A Spergularia azorica foi uma das plantas que Trelease viu floridas, e em todas as ilhas. Começou por se chamar Lepigonum azoricum, nome que o botânico sueco Nils Conrad Kindberg (1832-1910) lhe deu em 1863. Em 1868, o francês Jacques Eugène Lebel (1801-1878) colocou-a no género Spergularia e confirmou-lhe o estatuto de endemismo açoriano. Trelease prefere designá-la Spergularia macrorhiza, seguindo o botânico inglês H. C. Watson (1804-1881), que visitou os Açores em 1840 e a nomeara oficialmente em 1868 (depois de uma outra ida às ilhas em 1865 com o entomologista Frederick du Cane Godman (1834-1919)).
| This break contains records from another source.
lemma card_nbrs:
  assumes "u < c + b"
  shows "card (nbrs u) = (if u = 0 \<or> u = c then 3 else 2)"
proof -
  consider "u = 0" | "0 < u" "u < a" | "a \<le> u" "u < c" | "u = c" | "c < u" by linarith
  thus ?thesis
  proof cases
    case 1 thus ?thesis using a_ge_3 a_le_c by (simp add: nbrs_0)
  next
    case 2 thus ?thesis using a_ge_3 a_le_c by (simp add: nbrs_cycle_a)
  next
    case 3 thus ?thesis using a_ge_3 a_le_c by (simp add: nbrs_path)
  next
    case 4
    have f1: "c - 1 \<noteq> c + 1" "c - 1 \<noteq> c + b - 1" "c + 1 \<noteq> c + b - 1" "0 \<noteq> c + 1" "0 \<noteq> c + b - 1"
      using a_ge_3 b_ge_3 a_le_c by arith+
    have "card (nbrs c) = 3" unfolding nbrs_c using f1 by (cases "k = 2") auto
    thus ?thesis using 4 by simp
  next
    case 5 thus ?thesis using a_ge_3 b_ge_3 a_le_c assms by (simp add: nbrs_cycle_b)
  qed
qed

lemma finite_nbrs: "finite (nbrs u)"
  by (simp add: nbrs_def)

lemma arcs_eq_Sigma: "arcs V E = Sigma {..<c + b} nbrs"
  using in_arcs_iff by auto

lemma card_arcs: "card (arcs V E) = 2 * (c + b) + 2"
proof -
  have c0: "c \<noteq> 0" using a_le_c a_ge_3 by simp
  have "card (arcs V E) = (\<Sum>u<c + b. card (nbrs u))"
    unfolding arcs_eq_Sigma by (rule card_SigmaI) (auto simp: finite_nbrs)
  also have "\<dots> = (\<Sum>u<c + b. 2 + ((if u = 0 then 1 else 0) + (if u = c then 1 else 0)))"
    by (rule sum.cong) (auto simp: card_nbrs c0)
  also have "\<dots> = (\<Sum>u<c + b. 2) +
      ((\<Sum>u<c + b. if u = 0 then 1 else 0) + (\<Sum>u<c + b. if u = c then 1 else 0))"
    by (simp only: sum.distrib)
  also have "\<dots> = 2 * (c + b) + 2" using c0 b_ge_3 by simp
  finally show ?thesis .
qed

definition char_entry :: "real \<Rightarrow> nat \<times> nat \<Rightarrow> nat \<times> nat \<Rightarrow> real" where
  "char_entry t r s = (if r = s then t else 0) -
     (if fst s = snd r \<and> snd s \<noteq> fst r then 1 / (real (graph_deg V E (snd r)) - 1) else 0)"

lemma deg2_step:
  assumes x: "x \<in> arcs V E" and xy: "snd x = fst y" and ne: "fst x \<noteq> snd y"
    and ns: "nbrs (snd x) = {fst x, snd y}"
  shows "y \<in> arcs V E"
    and "\<And>s. s \<in> arcs V E \<Longrightarrow>
      char_entry t x s = (if s = x then t else if s = y then -1 else 0)"
    and "\<And>r. r \<in> arcs V E \<Longrightarrow> r \<noteq> x \<Longrightarrow> r \<noteq> y \<Longrightarrow> char_entry t r y = 0"
proof -
  have xb: "snd x < c + b" using x arc_swap[OF x] in_arcs_iff by auto
  show y: "y \<in> arcs V E" using in_arcs_iff xb xy ns by auto
  have deg: "graph_deg V E (snd x) = 2" using graph_deg_eq_card_nbrs[OF xb] ns ne by simp
  have xne: "fst x \<noteq> snd x" using arc_fst_neq_snd[OF x] .
  have yx: "y \<noteq> x" using xy xne by auto
  fix s assume s: "s \<in> arcs V E"
  have succ: "(fst s = snd x \<and> snd s \<noteq> fst x) \<longleftrightarrow> s = y"
  proof
    assume h: "fst s = snd x \<and> snd s \<noteq> fst x"
    hence "snd s \<in> nbrs (snd x)" using s in_arcs_iff by auto
    hence "snd s = snd y" using h ns by auto
    thus "s = y" using h xy by (simp add: prod_eq_iff)
  next
    assume "s = y" thus "fst s = snd x \<and> snd s \<noteq> fst x" using xy ne by auto
  qed
  show "char_entry t x s = (if s = x then t else if s = y then -1 else 0)"
    unfolding char_entry_def using succ deg yx xne by auto
next
  fix r assume r: "r \<in> arcs V E" "r \<noteq> x" "r \<noteq> y"
  have "\<not> (fst y = snd r \<and> snd y \<noteq> fst r)"
  proof
    assume h: "fst y = snd r \<and> snd y \<noteq> fst r"
    have "fst r \<in> nbrs (snd r)" using arc_swap[OF r(1)] in_arcs_iff by auto
    hence "fst r = fst x" using h ns xy by auto
    hence "r = x" using h xy by (simp add: prod_eq_iff)
    thus False using r by simp
  qed
  thus "char_entry t r y = 0" unfolding char_entry_def using r by auto
qed

text \<open>Away from the hubs every vertex has degree 2, so the arcs split into six chains, which
  run around \<open>C\<^sub>a\<close>, around \<open>C\<^sub>b\<close> and along the path, each in both directions.
  A chain starts at an arc leaving a hub and ends, after \<open>m\<close> forced steps, at one of the six
  arcs entering a hub (\<open>hub_arcs\<close>). For \<open>k = 2\<close> the path chains are empty (\<open>m = 0\<close>).\<close>

definition cyc_a_fwd :: "nat \<Rightarrow> nat \<times> nat" where
  "cyc_a_fwd i = (i, if i = a - 1 then 0 else i + 1)"

definition cyc_a_bwd :: "nat \<Rightarrow> nat \<times> nat" where
  "cyc_a_bwd j = (if j = 0 then 0 else a - j, a - 1 - j)"

definition cyc_b_fwd :: "nat \<Rightarrow> nat \<times> nat" where
  "cyc_b_fwd j = (c + j, if j = b - 1 then c else c + j + 1)"

definition cyc_b_bwd :: "nat \<Rightarrow> nat \<times> nat" where
  "cyc_b_bwd j = (if j = 0 then c else c + b - j, c + b - 1 - j)"

definition path_fwd :: "nat \<Rightarrow> nat \<times> nat" where
  "path_fwd l = (if l = 0 then 0 else a + l - 1, a + l)"

definition path_bwd :: "nat \<Rightarrow> nat \<times> nat" where
  "path_bwd j = (c - j, if j = k - 2 then 0 else c - j - 1)"

definition cb_chains :: "((nat \<Rightarrow> nat \<times> nat) \<times> nat) list" where
  "cb_chains = [(cyc_a_fwd, a - 1), (cyc_a_bwd, a - 1), (cyc_b_fwd, b - 1), (cyc_b_bwd, b - 1),
    (path_fwd, k - 2), (path_bwd, k - 2)]"

definition hub_arcs :: "(nat \<times> nat) list" where
  "hub_arcs = [(a - 1, 0), (1, 0), (a, 0),
    (c + b - 1, c), (c + 1, c), (if k = 2 then 0 else c - 1, c)]"

definition arc_order :: "(nat \<times> nat) list" where
  "arc_order = chain_keys cb_chains @ hub_arcs"

definition deg2_chain :: "(nat \<Rightarrow> nat \<times> nat) \<Rightarrow> nat \<Rightarrow> bool" where
  "deg2_chain f m \<longleftrightarrow> (\<forall>l < m. snd (f l) = fst (f (Suc l)) \<and> fst (f l) \<noteq> snd (f (Suc l)) \<and>
    nbrs (snd (f l)) = {fst (f l), snd (f (Suc l))})"

lemma deg2_chain_arcs:
  assumes "f 0 \<in> arcs V E" and "deg2_chain f m" and "l \<le> m"
  shows "f l \<in> arcs V E"
  using assms(3)
proof (induction l)
  case (Suc l)
  hence "f l \<in> arcs V E" "l < m" by auto
  thus ?case using deg2_step(1)[of "f l" "f (Suc l)"] assms(2) unfolding deg2_chain_def by blast
qed (use assms(1) in simp)

lemma deg2_chain_cyc_a_fwd: "deg2_chain cyc_a_fwd (a - 1)"
  unfolding deg2_chain_def
proof (intro allI impI)
  fix l assume l: "l < a - 1"
  have "nbrs (l + 1) = {l, if l + 1 = a - 1 then 0 else l + 2}"
    using nbrs_cycle_a[of "l + 1"] l by simp
  thus "snd (cyc_a_fwd l) = fst (cyc_a_fwd (Suc l)) \<and> fst (cyc_a_fwd l) \<noteq> snd (cyc_a_fwd (Suc l)) \<and>
      nbrs (snd (cyc_a_fwd l)) = {fst (cyc_a_fwd l), snd (cyc_a_fwd (Suc l))}"
    using l a_ge_3 by (auto simp: cyc_a_fwd_def)
qed

lemma deg2_chain_cyc_a_bwd: "deg2_chain cyc_a_bwd (a - 1)"
  unfolding deg2_chain_def
proof (intro allI impI)
  fix l assume l: "l < a - 1"
  have "nbrs (a - 1 - l) = {a - 2 - l, if l = 0 then 0 else a - l}"
    using nbrs_cycle_a[of "a - 1 - l"] l a_ge_3 by auto
  thus "snd (cyc_a_bwd l) = fst (cyc_a_bwd (Suc l)) \<and> fst (cyc_a_bwd l) \<noteq> snd (cyc_a_bwd (Suc l)) \<and>
      nbrs (snd (cyc_a_bwd l)) = {fst (cyc_a_bwd l), snd (cyc_a_bwd (Suc l))}"
    using l a_ge_3 by (auto simp: cyc_a_bwd_def)
qed

lemma deg2_chain_cyc_b_fwd: "deg2_chain cyc_b_fwd (b - 1)"
  unfolding deg2_chain_def
proof (intro allI impI)
  fix l assume l: "l < b - 1"
  have "nbrs (c + l + 1) = {c + l, if l + 1 = b - 1 then c else c + l + 2}"
    using nbrs_cycle_b[of "c + l + 1"] l by auto
  thus "snd (cyc_b_fwd l) = fst (cyc_b_fwd (Suc l)) \<and> fst (cyc_b_fwd l) \<noteq> snd (cyc_b_fwd (Suc l)) \<and>
      nbrs (snd (cyc_b_fwd l)) = {fst (cyc_b_fwd l), snd (cyc_b_fwd (Suc l))}"
    using l b_ge_3 by (auto simp: cyc_b_fwd_def)
qed

lemma deg2_chain_cyc_b_bwd: "deg2_chain cyc_b_bwd (b - 1)"
  unfolding deg2_chain_def
proof (intro allI impI)
  fix l assume l: "l < b - 1"
  have "nbrs (c + b - 1 - l) = {c + b - 2 - l, if l = 0 then c else c + b - l}"
    using nbrs_cycle_b[of "c + b - 1 - l"] l b_ge_3 by auto
  thus "snd (cyc_b_bwd l) = fst (cyc_b_bwd (Suc l)) \<and> fst (cyc_b_bwd l) \<noteq> snd (cyc_b_bwd (Suc l)) \<and>
      nbrs (snd (cyc_b_bwd l)) = {fst (cyc_b_bwd l), snd (cyc_b_bwd (Suc l))}"
    using l b_ge_3 by (auto simp: cyc_b_bwd_def)
qed

lemma deg2_chain_path_fwd: "deg2_chain path_fwd (k - 2)"
  unfolding deg2_chain_def
proof (intro allI impI)
  fix l assume l: "l < k - 2"
  have "nbrs (a + l) = {if l = 0 then 0 else a + l - 1, a + l + 1}"
    using nbrs_path[of "a + l"] l by (auto simp: c_def)
  thus "snd (path_fwd l) = fst (path_fwd (Suc l)) \<and> fst (path_fwd l) \<noteq> snd (path_fwd (Suc l)) \<and>
      nbrs (snd (path_fwd l)) = {fst (path_fwd l), snd (path_fwd (Suc l))}"
    using l a_ge_3 by (auto simp: path_fwd_def)
qed

lemma deg2_chain_path_bwd: "deg2_chain path_bwd (k - 2)"
  unfolding deg2_chain_def
proof (intro allI impI)
  fix l assume l: "l < k - 2"
  have "nbrs (c - l - 1) = {if l + 1 = k - 2 then 0 else c - l - 2, c - l}"
    using nbrs_path[of "c - l - 1"] l by (auto simp: c_def)
  thus "snd (path_bwd l) = fst (path_bwd (Suc l)) \<and> fst (path_bwd l) \<noteq> snd (path_bwd (Suc l)) \<and>
      nbrs (snd (path_bwd l)) = {fst (path_bwd l), snd (path_bwd (Suc l))}"
    using l a_ge_3 by (auto simp: path_bwd_def c_def)
qed

lemma chain_heads:
  "cyc_a_fwd 0 = (0, 1)" "cyc_a_bwd 0 = (0, a - 1)" "path_fwd 0 = (0, a)"
  "cyc_b_fwd 0 = (c, c + 1)" "cyc_b_bwd 0 = (c, c + b - 1)"
  "path_bwd 0 = (c, if k = 2 then 0 else c - 1)"
  using a_ge_3 b_ge_3 k_ge_2
  by (auto simp: cyc_a_fwd_def cyc_a_bwd_def cyc_b_fwd_def cyc_b_bwd_def path_fwd_def path_bwd_def)

lemma hub_arcs_chain_ends:
  "hub_arcs = [cyc_a_fwd (a - 1), cyc_a_bwd (a - 1), path_bwd (k - 2),
    cyc_b_fwd (b - 1), cyc_b_bwd (b - 1), path_fwd (k - 2)]"
  using a_ge_3 b_ge_3 k_ge_2
  by (simp add: hub_arcs_def cyc_a_fwd_def cyc_a_bwd_def cyc_b_fwd_def cyc_b_bwd_def
      path_fwd_def path_bwd_def c_def; arith)

lemma set_hub_arcs: "set hub_arcs = (\<lambda>(f, m). f m) ` set cb_chains"
  by (simp add: hub_arcs_chain_ends cb_chains_def insert_commute)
Trelease nota como esta planta, exposta a derrocadas e vendavais, parece em harmonia com o ambiente: talos robustos, com que se agarra às arribas; hábito prostrado e aninhado nas reentrâncias rochosas de falésias ou escoadas de lava; uma penugem densa a agasalhá-la; flores grandes (muito maiores do que nas outras plantas do mesmo género) e bem abertas, com o néctar acessível aos polinizadores; e sementes, com uma asa rudimentar, que se disseminam pelo vento.

Santa Maria, onde vimos populações abundantes desta planta, pertence hoje à lista das Zonas Especiais de Conservação (ZEC), e a Spergularia azorica é uma das espécies da flora açoriana listadas no anexo II da Directiva Habitats, na companhia da Azorina vidalii e do Lotus azoricus.